The Second Machine Age by Erik Brynjolfsson and Andrew McAfee shows that exponential growth in digital technology, that is automation, artificial intelligence and networking, will be a dominant factor in the future of humanity.

The first part of the book (Chapters 1 to 6) shows that machines will replace many jobs that human beings are doing today, even jobs that require intelligence. Further, this technology will probably result in abundance in material things as well as digital items that will be available at low or no cost.

The middle part of the book (Chapters 7 to 11) discusses the implications for employment as jobs get automated. One conclusion is that the people that will be employed either have jobs that cannot be automated or ones in which human guidance is needed to get the best results. For example computer chess playing programs can beat any human opponent but humans with computer assistance can beat any machine alone. So the people who prosper will be either those who own the machines or those who have high skills in man-machine interaction. Since intelligent automation is happening very rapidly, it appears that ordinary people will have difficulty adapting such that they have employment.

The last part of the book (chapters 12 to 15) discusses what public policy might mitigate the transition to a man-machine society. The implication is that there might be hope, but the authors acknowledge that huge differences in wealth have in past history resulted in the rich owning the machines and having resources to educate their children to fill the lucrative man-machine jobs. Everyone else gets left out. See Why Nations Fail by Acemoglu and Robinson.

The Second Machine Age  is worth reading and I cannot adequately summarize the careful thinking done by the authors. There are many considerations and possibilities that may or may not occur.

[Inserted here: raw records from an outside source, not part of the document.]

lemma hankel_det_scaleR: "hankel_det J M (t *\<^sub>R \<mu>) = t ^ (2 * (M * (M + 1))) * hankel_det J M \<mu>"
proof -
  have "signof p * (\<Prod>i = 0..<M. trace (matpow (Smu J (t *\<^sub>R \<mu>)) (i + p i + 2)))
      = t ^ (2 * (M * (M + 1))) * (signof p * (\<Prod>i = 0..<M. trace (matpow (Smu J \<mu>) (i + p i + 2))))"
    if "p permutes {0..<M}" for p
  proof -
    have "(\<Prod>i = 0..<M. trace (matpow (Smu J (t *\<^sub>R \<mu>)) (i + p i + 2)))
        = (\<Prod>i = 0..<M. (t\<^sup>2) ^ (i + p i + 2)) * (\<Prod>i = 0..<M. trace (matpow (Smu J \<mu>) (i + p i + 2)))"
      by (simp only: Smu_scaleR matpow_scaleR trace_scaleR prod.distrib)
    also have "(\<Prod>i = 0..<M. (t\<^sup>2) ^ (i + p i + 2)) = (t\<^sup>2) ^ (\<Sum>i = 0..<M. i + p i + 2)"
      by (simp add: power_sum)
    also have "(\<Sum>i = 0..<M. i + p i + 2) = M * (M + 1)"
      by (rule sum_index_plus_permutation[OF that])
    finally have "(\<Prod>i = 0..<M. trace (matpow (Smu J (t *\<^sub>R \<mu>)) (i + p i + 2)))
        = (t\<^sup>2) ^ (M * (M + 1)) * (\<Prod>i = 0..<M. trace (matpow (Smu J \<mu>) (i + p i + 2)))" .
    moreover have "t ^ (2 * (M * (M + 1))) = (t\<^sup>2) ^ (M * (M + 1))" by (rule power_mult)
    ultimately show ?thesis by (simp only:) (simp add: mult_ac)
  qed
  then show ?thesis unfolding hankel_det_expand sum_distrib_left by (intro sum.cong) auto
qed

section \<open>The spectral resolution of \<open>-J\<^sub>\<mu>\<^sup>2\<close>\<close>

locale sqrt_spectral_resolution =
  fixes J :: "'d::finite \<Rightarrow> real^'n::finite^'n"
    and \<Lambda> :: "(real^'d) set"
    and M :: nat and r :: "nat \<Rightarrow> nat"
    and b :: "nat \<Rightarrow> real^'d \<Rightarrow> real"
    and P :: "nat \<Rightarrow> real^'d \<Rightarrow> real^'n^'n"
  assumes J_skew: "\<And>k. transpose (J k) = - J k"
    and Lambda_ne: "\<Lambda> \<noteq> {}"
    and Lambda_zariski: "zariski_open \<Lambda>"
    and M_pos: "M > 0"
    and r_pos: "\<And>j. j \<in> {1..M} \<Longrightarrow> r j > 0"
    and decomp: "\<And>\<mu>. \<mu> \<in> \<Lambda> \<Longrightarrow> mat_sqrt (- (Jmu J \<mu> ** Jmu J \<mu>)) = (\<Sum>j\<in>{1..M}. b j \<mu> *\<^sub>R P j \<mu>)"
    and b_pos: "\<And>\<mu> j. \<mu> \<in> \<Lambda> \<Longrightarrow> j \<in> {1..M} \<Longrightarrow> b j \<mu> > 0"
    and b_distinct: "\<And>\<mu> i j. \<mu> \<in> \<Lambda> \<Longrightarrow> i \<in> {1..M} \<Longrightarrow> j \<in> {1..M} \<Longrightarrow> i \<noteq> j \<Longrightarrow> b i \<mu> \<noteq> b j \<mu>"
    and P_proj: "\<And>\<mu> j. \<mu> \<in> \<Lambda> \<Longrightarrow> j \<in> {1..M} \<Longrightarrow>
                   P j \<mu> ** P j \<mu> = P j \<mu> \<and> transpose (P j \<mu>) = P j \<mu>"
    and P_orth: "\<And>\<mu> i j. \<mu> \<in> \<Lambda> \<Longrightarrow> i \<in> {1..M} \<Longrightarrow> j \<in> {1..M} \<Longrightarrow> i \<noteq> j \<Longrightarrow>
                   P i \<mu> ** P j \<mu> = 0"
    and P_rank: "\<And>\<mu> j. \<mu> \<in> \<Lambda> \<Longrightarrow> j \<in> {1..M} \<Longrightarrow> rank (P j \<mu>) = 2 * r j"
    and b_analytic: "\<And>j. j \<in> {1..M} \<Longrightarrow> real_analytic_on (b j) \<Lambda>"
    and P_analytic: "\<And>j a c. j \<in> {1..M} \<Longrightarrow> real_analytic_on (\<lambda>\<mu>. P j \<mu> $ a $ c) \<Lambda>"
    and P0_def: "\<And>\<mu>. \<mu> \<in> \<Lambda> \<Longrightarrow> P 0 \<mu> = mat 1 - (\<Sum>j\<in>{1..M}. P j \<mu>)"
    and P0_ker: "\<And>\<mu>. \<mu> \<in> \<Lambda> \<Longrightarrow>
                   P 0 \<mu> ** P 0 \<mu> = P 0 \<mu> \<and> transpose (P 0 \<mu>) = P 0 \<mu> \<and>
                   range (\<lambda>x. P 0 \<mu> *v x) = {x. Jmu J \<mu> *v x = 0}"

begin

The one gripe that I have with the book is that the authors summarily dismiss (chapter 5) Robert Gordon and his 
article Is US Economic Growth Over? and Tyler Cowen's book The Great Stagnation: How America Ate the Low Hanging Fruit ... .  It is true that the exponential growth of digital technologies will bring many benefits to mankind. However, it will not create resources that have been used up like water, minerals, oil, climate and food supply. This latter is what Cowen refers to as the low hanging fruit. It takes energy to run modern society and it takes water food, and housing to provide for the world's population.

The world is, I think, approaching a crisis as I stated in my first blog entry Reading List for Managing an Uncertain Future. I have previously discussed some of these issues in my posts Demand for Goods, Global GrowthThe Permanent Slump Debate and
Technology Limitations;

The second machine age appears to be an occurrence that will make life much more difficult for many people in addition to the environmental pressures that have reared their ugly heads.  I completed the Great Courses series called Development of European Civilization, which shows that similar issues have happened in the past and that the resolution of the problems have been tumultuous. I don't expect it to be different this time.